Shopping website removes toy with controversial nine-dash line

By Ky Duyen   August 3, 2018 | 03:26 am PT
Shopping website removes toy with controversial nine-dash line
A toy map showing the infamous nine-dash line seen on Shopee's website. Screenshot taken on 21:00 August 1, 2018, before the item was removed.
Authorities had ordered that Shopee removes a toy showing a Chinese map violating Vietnam’s sovereignty.

The Vietnam eCommerce and Digital Economy Agency (iDEA) had demanded that e-commerce service Shopee Vietnam get rid of a toy map showing the infamous nine-dash line that China has used to illegally claim sovereign Vietnamese territory in the East Sea, also internationally known as the South China Sea.

The line claims 90 percent of the 3.5-million-square-kilometer East Sea as Chinese territory. This claim has been rejected by the international community. It overlaps with claims by Brunei, Malaysia, and the Philippines, and violates Vietnam's water sovereignty.

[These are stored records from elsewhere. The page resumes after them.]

lemma phase2_completions_inter:
  assumes "disjoint_family_on Vg {1..m}" "valid_phase2_choice m Vg z A X Y"
  shows "(A \<union> (\<Union>i\<in>deficient m Vg z A. X A i)) \<inter> (A \<union> (\<Union>i\<in>deficient m Vg z A. Y A i)) = A"
proof -
  have "X A i \<inter> Y A j = {}" if "i \<in> deficient m Vg z A" "j \<in> deficient m Vg z A" for i j
  proof (cases "i = j")
    case False
    then have "Vg i \<inter> Vg j = {}"
      using assms(1) that unfolding disjoint_family_on_def deficient_def by blast
    then show ?thesis
      using assms(2) that unfolding valid_phase2_choice_def by blast
  qed (use assms(2) that in \<open>simp add: valid_phase2_choice_def\<close>)
  then show ?thesis by blast
qed

lemma phase2_output_ge_half:
  fixes f :: "'a set \<Rightarrow> real"
  assumes part: "is_partition V m Vg"
    and submod: "submodular_on V f" and nonneg: "\<forall>S. S \<subseteq> V \<longrightarrow> 0 \<le> f S"
    and "A \<subseteq> V" and choice: "valid_phase2_choice m Vg z A X Y"
  shows "f A \<le> 2 * f (phase2_output f m Vg z X Y A)"
proof -
  define A1 where "A1 = A \<union> (\<Union>i\<in>deficient m Vg z A. X A i)"
  define A2 where "A2 = A \<union> (\<Union>i\<in>deficient m Vg z A. Y A i)"
  have "X A i \<subseteq> Vg i" "Y A i \<subseteq> Vg i" if "i \<in> deficient m Vg z A" for i
    using choice that unfolding valid_phase2_choice_def by blast+
  moreover have "Vg i \<subseteq> V" if "i \<in> deficient m Vg z A" for i
    using part that unfolding is_partition_def deficient_def by blast
  ultimately have "A1 \<subseteq> V" "A2 \<subseteq> V"
    using \<open>A \<subseteq> V\<close> unfolding A1_def A2_def by blast+
  moreover have "A1 \<inter> A2 = A"
    using phase2_completions_inter[OF is_partition_disjoint_family_on[OF part] choice]
    unfolding A1_def A2_def .
  ultimately have "f A \<le> f A1 + f A2"
    using submodular_on_inter_le_add[OF submod nonneg] by metis
  moreover have "f (phase2_output f m Vg z X Y A) = max (f A1) (f A2)"
    unfolding phase2_output_def A1_def A2_def Let_def by simp
  ultimately show ?thesis by linarith
qed

lemma expectation_phase2_output_ge_half:
  fixes f :: "'a set \<Rightarrow> real"
  assumes "finite V" and part: "is_partition V m Vg"
    and submod: "submodular_on V f" and nonneg: "\<forall>S. S \<subseteq> V \<longrightarrow> 0 \<le> f S"
    and supp: "set_pmf P \<subseteq> Pow V"
    and choice: "\<forall>A\<in>set_pmf P. valid_phase2_choice m Vg z A X Y"
  shows "measure_pmf.expectation P f / 2
           \<le> measure_pmf.expectation P (\<lambda>A. f (phase2_output f m Vg z X Y A))"
    and "0 \<le> measure_pmf.expectation P (\<lambda>A. f (phase2_output f m Vg z X Y A))"
proof -
  let ?out = "\<lambda>A. f (phase2_output f m Vg z X Y A)"
  have half: "f A / 2 \<le> ?out A" "0 \<le> ?out A" if "A \<in> set_pmf P" for A
  proof -
    have "A \<subseteq> V"
      using supp that by blast
    then have "f A \<le> 2 * ?out A" "0 \<le> f A"
      using phase2_output_ge_half[OF part submod nonneg] choice that nonneg by blast+
    then show "f A / 2 \<le> ?out A" "0 \<le> ?out A"
      by linarith+
  qed
  have "finite (set_pmf P)"
    using supp \<open>finite V\<close> by (simp add: finite_subset)
  then show "measure_pmf.expectation P f / 2 \<le> measure_pmf.expectation P ?out"
    using integral_mono_AE'[of P ?out "\<lambda>A. f A / 2"] half
    by (simp add: integrable_measure_pmf_finite AE_measure_pmf_iff)
  show "0 \<le> measure_pmf.expectation P ?out"
    using half by (intro integral_nonneg_AE) (simp add: AE_measure_pmf_iff)
qed
(* Let $\mathbf{w}$ be a finite set of words over $\Sigma$, $K=\{1,\dots,k\}$, and $\mathsf{A}=\langle \Sigma, K, S, S_0, \Delta, S_F\rangle$ an NAA with underlying NFA $\mathcal{A}$. For any $w\in\mathbf{w}$, any $m\in\{1,\dots,k\}$, any $i\in\{1,2,\dots,|w|-\ell_m\}$, and any $((w_1,i^1,j^1),\dots,(w_k,i^k,j^k))\in\mathcal{M}(\mathsf{A},\mathbf{w})$: if $\ell_m>0$, $w_{i+\ell_m-1}\notin \mathrm{Last}_m$, and $w_m=w$, then $i^m<i$ or $i^m\ge i+\Delta^m_{\mathrm{QS}}(w_{i+\ell_m})$.
   Context: An NAA is a tuple $\mathsf{A}=\langle \Sigma, K, S, S_0, \Delta, S_F\rangle$ with finite alphabet $\Sigma$, directions $K=\{1,\dots,k\}$, finite states $S$, initial states $S_0\subseteq S$, accepting states $S_F\subseteq S$ and transitions $\Delta\subseteq S\times\Sigma\times K\times S$. Its underlying NFA $\mathcal{A}$ is the NFA over alphabet $\Sigma\times K$ with the same states, initial/accepting states and transitions; $\mathcal{L}(\mathcal{A})$ is its language. For $\tilde w\in(\Sigma\times K)^*$ and $x\in K$, $\pi_x(\tilde w)\in\Sigma^*$ deletes letters $(a,x')$ with $x'\ne x$ and replaces each $(a,x)$ by $a$; $\pi_x(L)=\{\pi_x(\tilde w)\mid \tilde w\in L\}$. $\mathsf{A}$ accepts $(w_1,\dots,w_k)$ if some $\tilde w\in\mathcal{L}(\mathcal{A})$ has $\pi_x(\tilde w)=w_x$ for all $x$; $\mathfrak{L}(\mathsf{A})$ is the set of accepted tuples. For $w=\sigma_1\cdots\sigma_n$, $w_i=\sigma_i$ is its $i$-th letter and $w[i..j]=\sigma_i\cdots\sigma_j$. The match set is $\mathcal{M}(\mathsf{A},\mathbf{w})=\{((w_1,i^1,j^1),\dots,(w_k,i^k,j^k))\in(\mathbf{w}\times\mathbb{N}\times\mathbb{N})^k\mid (w_1[i^1..j^1],\dots,w_k[i^k..j^k])\in\mathfrak{L}(\mathsf{A})\}$. QS-style skip values (computed for $\mathcal{A}$): $\ell=\min_{\tilde w\in\mathcal{L}(\mathcal{A})}|\tilde w|$; for $m\in K$, $\ell_m=\min_{\tilde w\in\mathcal{L}(\mathcal{A})}|\pi_m(\tilde w[1..\ell])|$; $\mathrm{Last}_m\subseteq\Sigma$ is the set of $\ell_m$-th letters of words in $\pi_m(\mathcal{L}(\mathcal{A}))$; for $\sigma\in\Sigma$, $\Delta^m_{\mathrm{QS}}(\sigma)=\min\{\ell_m+1,\ \min\{i\in\{1,\dots,\ell_m\}\mid \exists \tilde w\in\mathcal{L}(\mathcal{A}).\ \text{the }(\ell_m+1-i)\text{-th letter of }\pi_m(\tilde w)\text{ is }\sigma\}\}$. *)

theory Defs
  imports Main
begin

text \<open>The underlying NFA reads words over (letter, direction) pairs.\<close>

definition naa_wf ::
  "'a set \<Rightarrow> nat \<Rightarrow> 's set \<Rightarrow> 's set \<Rightarrow> ('s \<times> 'a \<times> nat \<times> 's) set \<Rightarrow> 's set \<Rightarrow> bool" where
  "naa_wf Sig k S S0 Delta SF \<longleftrightarrow>
     finite Sig \<and> finite S \<and> S0 \<subseteq> S \<and> SF \<subseteq> S \<and>
     Delta \<subseteq> S \<times> Sig \<times> {1..k} \<times> S"

fun nfa_steps :: "('s \<times> 'a \<times> nat \<times> 's) set \<Rightarrow> 's \<Rightarrow> ('a \<times> nat) list \<Rightarrow> 's \<Rightarrow> bool" where
  "nfa_steps Delta q [] q' \<longleftrightarrow> q' = q"
| "nfa_steps Delta q ((a, x) # w) q' \<longleftrightarrow>
     (\<exists>p. (q, a, x, p) \<in> Delta \<and> nfa_steps Delta p w q')"

definition nfa_lang ::
  "'s set \<Rightarrow> ('s \<times> 'a \<times> nat \<times> 's) set \<Rightarrow> 's set \<Rightarrow> ('a \<times> nat) list set" where
  "nfa_lang S0 Delta SF = {w. \<exists>q0\<in>S0. \<exists>qf\<in>SF. nfa_steps Delta q0 w qf}"

definition proj :: "nat \<Rightarrow> ('a \<times> nat) list \<Rightarrow> 'a list" where
  "proj x w = map fst (filter (\<lambda>p. snd p = x) w)"

text \<open>Accepted tuples: a tuple (w_1,...,w_k) is a function u on {1..k}.\<close>
definition naa_accepts ::
  "nat \<Rightarrow> 's set \<Rightarrow> ('s \<times> 'a \<times> nat \<times> 's) set \<Rightarrow> 's set \<Rightarrow> (nat \<Rightarrow> 'a list) \<Rightarrow> bool" where
  "naa_accepts k S0 Delta SF u \<longleftrightarrow>
     (\<exists>w\<in>nfa_lang S0 Delta SF. \<forall>x\<in>{1..k}. proj x w = u x)"

text \<open>1-indexed infix w[i..j] = sigma_i ... sigma_j (empty if j < i; truncated at |w|).\<close>
definition infix_of :: "'a list \<Rightarrow> nat \<Rightarrow> nat \<Rightarrow> 'a list" where
  "infix_of w i j = drop (i - 1) (take j w)"

text \<open>Match set M(A, W): tuples are functions t on {1..k}, t x = (w_x, i^x, j^x).\<close>
definition match_set ::
  "nat \<Rightarrow> 's set \<Rightarrow> ('s \<times> 'a \<times> nat \<times> 's) set \<Rightarrow> 's set \<Rightarrow> 'a list set
    \<Rightarrow> (nat \<Rightarrow> 'a list \<times> nat \<times> nat) set" where
  "match_set k S0 Delta SF W =
     {t. (\<forall>x\<in>{1..k}. fst (t x) \<in> W) \<and>
         naa_accepts k S0 Delta SF
           (\<lambda>x. infix_of (fst (t x)) (fst (snd (t x))) (snd (snd (t x))))}"

definition qs_ell :: "('a \<times> nat) list set \<Rightarrow> nat" where
  "qs_ell L = (LEAST n. \<exists>w\<in>L. length w = n)"

definition qs_ell_m :: "('a \<times> nat) list set \<Rightarrow> nat \<Rightarrow> nat" where
  "qs_ell_m L m = (LEAST n. \<exists>w\<in>L. length (proj m (take (qs_ell L) w)) = n)"

definition qs_last :: "('a \<times> nat) list set \<Rightarrow> nat \<Rightarrow> 'a set" where
  "qs_last L m = {u ! (qs_ell_m L m - 1) | u. u \<in> proj m ` L \<and> qs_ell_m L m \<le> length u}"

definition qs_shift :: "('a \<times> nat) list set \<Rightarrow> nat \<Rightarrow> 'a \<Rightarrow> nat" where
  "qs_shift L m \<sigma> = Min (insert (qs_ell_m L m + 1)
     {i \<in> {1..qs_ell_m L m}. \<exists>w\<in>L. qs_ell_m L m + 1 - i \<le> length (proj m w) \<and>
                                   proj m w ! (qs_ell_m L m - i) = \<sigma>})"

end

theory Submission
  imports Defs
begin

text \<open>Suppose the m-th component of a match starts at a with i \<le> a. A word of the NFA
  language then projects in direction m onto the infix of w starting at a, and this
  projection has length at least l_m. If a = i, its l_m-th letter is w_(i+l_m-1),
  contradicting the hypothesis on Last_m. If a = i + d with 1 \<le> d \<le> l_m, its
  (l_m+1-d)-th letter is \<sigma> = w_(i+l_m), so d competes in the minimum defining the
  shift of \<sigma>, i.e. a \<ge> i + shift(\<sigma>). Positions are 1-based as in the paper, list
  indices 0-based: w_n is w ! (n - 1).\<close>

lemma length_proj_take_le: "length (proj m (take n x)) \<le> length (proj m x)"
proof -
  have "proj m x = proj m (take n x) @ proj m (drop n x)"
    unfolding proj_def by (metis append_take_drop_id filter_append map_append)
  then show ?thesis by (metis le_add1 length_append)
qed

lemma qs_ell_m_le_length_proj:
  assumes "x \<in> L"
  shows "qs_ell_m L m \<le> length (proj m x)"
proof -
  have "qs_ell_m L m \<le> length (proj m (take (qs_ell L) x))"
    unfolding qs_ell_m_def using assms by (intro Least_le) blast
  then show ?thesis using length_proj_take_le le_trans by blast
qed

lemma proj_nth_in_qs_last:
  assumes "x \<in> L"
  shows "proj m x ! (qs_ell_m L m - 1) \<in> qs_last L m"
  unfolding qs_last_def using assms qs_ell_m_le_length_proj by blast

lemma qs_shift_le_Suc_qs_ell_m: "qs_shift L m \<sigma> \<le> qs_ell_m L m + 1"
  unfolding qs_shift_def by simp

lemma qs_shift_le:
  assumes "d \<in> {1..qs_ell_m L m}" and "x \<in> L"
    and "qs_ell_m L m + 1 - d \<le> length (proj m x)"
    and "proj m x ! (qs_ell_m L m - d) = \<sigma>"
  shows "qs_shift L m \<sigma> \<le> d"
  unfolding qs_shift_def using assms by (intro Min_le) auto

lemma nth_infix_of:
  assumes "p < length (infix_of w a j)"
  shows "infix_of w a j ! p = w ! (a - 1 + p)"
proof -
  have "a - 1 + p < length (take j w)"
    using assms unfolding infix_of_def by (simp add: min_def split: if_splits)
  then show ?thesis unfolding infix_of_def by (simp add: nth_drop)
qed

lemma match_set_proj:
  assumes "t \<in> match_set k S0 Delta SF W" and "m \<in> {1..k}"
  shows "\<exists>x\<in>nfa_lang S0 Delta SF.
           proj m x = infix_of (fst (t m)) (fst (snd (t m))) (snd (snd (t m)))"
  using assms unfolding match_set_def naa_accepts_def by blast

lemma qs_last_if_match_at:
  assumes "x \<in> L" and "proj m x = infix_of w i j"
    and "0 < qs_ell_m L m" and "1 \<le> i"
  shows "w ! (i + qs_ell_m L m - 2) \<in> qs_last L m"
proof -
  have "qs_ell_m L m - 1 < length (infix_of w i j)"
    using qs_ell_m_le_length_proj[OF assms(1), of m] assms(2,3) by simp
  then have "proj m x ! (qs_ell_m L m - 1) = w ! (i - 1 + (qs_ell_m L m - 1))"
    using assms(2) nth_infix_of by metis
  also have "i - 1 + (qs_ell_m L m - 1) = i + qs_ell_m L m - 2"
    using assms(3,4) by linarith
  finally have "proj m x ! (qs_ell_m L m - 1) = w ! (i + qs_ell_m L m - 2)" .
  then show ?thesis using proj_nth_in_qs_last[OF assms(1)] by metis
qed

lemma qs_shift_le_if_match_at:
  assumes "x \<in> L" and "proj m x = infix_of w (i + d) j"
    and "1 \<le> d" and "d \<le> qs_ell_m L m" and "1 \<le> i"
  shows "qs_shift L m (w ! (i + qs_ell_m L m - 1)) \<le> d"
proof (rule qs_shift_le[OF _ assms(1)])
  have len: "qs_ell_m L m \<le> length (proj m x)"
    using qs_ell_m_le_length_proj[OF assms(1)] .
  show "d \<in> {1..qs_ell_m L m}" using assms(3,4) by simp
  show "qs_ell_m L m + 1 - d \<le> length (proj m x)" using len assms(3) by linarith
  have "qs_ell_m L m - d < length (proj m x)"
    using len assms(3,4) by linarith
  then have "proj m x ! (qs_ell_m L m - d) = w ! (i + d - 1 + (qs_ell_m L m - d))"
    using assms(2) nth_infix_of by metis
  also have "i + d - 1 + (qs_ell_m L m - d) = i + qs_ell_m L m - 1"
    using assms(3-5) by linarith
  finally show "proj m x ! (qs_ell_m L m - d) = w ! (i + qs_ell_m L m - 1)" .
qed

lemma match_start_outside_qs_skip:
  assumes "x \<in> L" and "proj m x = infix_of w a j"
    and "0 < qs_ell_m L m" and "1 \<le> i"
    and "w ! (i + qs_ell_m L m - 2) \<notin> qs_last L m"
  shows "a < i \<or> i + qs_shift L m (w ! (i + qs_ell_m L m - 1)) \<le> a"
proof (rule ccontr)
  let ?shift = "qs_shift L m (w ! (i + qs_ell_m L m - 1))"
  assume "\<not> ?thesis"
  then have "i \<le> a" and below_shift: "a < i + ?shift" by auto
  moreover have "a \<noteq> i" using qs_last_if_match_at assms by metis
  moreover have "?shift \<le> qs_ell_m L m + 1" by (rule qs_shift_le_Suc_qs_ell_m)
  ultimately have "a = i + (a - i)" "1 \<le> a - i" "a - i \<le> qs_ell_m L m" by linarith+
  then have "?shift \<le> a - i" using qs_shift_le_if_match_at assms by metis
  with below_shift \<open>i \<le> a\<close> show False by linarith
qed

theorem theorem2:
  fixes Sig :: "'a set" and k :: nat and S :: "'s set" and S0 SF :: "'s set"
    and Delta :: "('s \<times> 'a \<times> nat \<times> 's) set" and W :: "'a list set"
    and w :: "'a list" and m i :: nat and t :: "nat \<Rightarrow> 'a list \<times> nat \<times> nat"
  assumes "naa_wf Sig k S S0 Delta SF"
    and "finite W" and "\<forall>v\<in>W. set v \<subseteq> Sig"
    and "w \<in> W"
    and "m \<in> {1..k}"
    and "i \<in> {1..length w - qs_ell_m (nfa_lang S0 Delta SF) m}"
    and "t \<in> match_set k S0 Delta SF W"
    and "qs_ell_m (nfa_lang S0 Delta SF) m > 0"
    and "w ! (i + qs_ell_m (nfa_lang S0 Delta SF) m - 2) \<notin> qs_last (nfa_lang S0 Delta SF) m"
    and "fst (t m) = w"
  shows "fst (snd (t m)) < i \<or>
         fst (snd (t m)) \<ge> i + qs_shift (nfa_lang S0 Delta SF) m
                                (w ! (i + qs_ell_m (nfa_lang S0 Delta SF) m - 1))"
proof -
  obtain x where "x \<in> nfa_lang S0 Delta SF"
    and "proj m x = infix_of w (fst (snd (t m))) (snd (snd (t m)))"
    using match_set_proj[OF assms(7,5)] assms(10) by auto
  moreover have "1 \<le> i" using assms(6) by simp
  ultimately show ?thesis using match_start_outside_qs_skip assms(8,9) by blast
qed

end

iDEA, which functions under the Ministry of Industry and Trade, has also required that Shopee and other e-commerce firms apply an online filter to block future items with content that violates Vietnam’s sovereignty.

It has taken 30 boxes of the toy for futher investigation.

"We have upgraded our filter with multiple levels to make sure the same thing won’t happen again," a Shopee representative told VnExpress, adding that the item has been taken off its website.

Shopee also promised that it would recall the product and refund customers.

The map, a toy for children to learn countries’ flags by putting them in the correct locations, got public attention after a mother in Hanoi discovered the nine-dash line on Wednesday and reported it to local media.

The map incorrectly shows Vietnam’s Hoang Sa and Truong Sa archipelagoes (Paracel and Spratly Islands) as part of China’s territory, and a product description on Shopee said the toy would help children aged three years and up understand more about countries in the world.

The map was printed in English and Chinese without a Vietnamese translation.

The nine-dash line had caused an uproar in Vietnam in May when it was found on T-shirts worn by 14 Chinese tourists as they passed through immigration at the Cam Ranh International Airport in the central province of Khanh Hoa.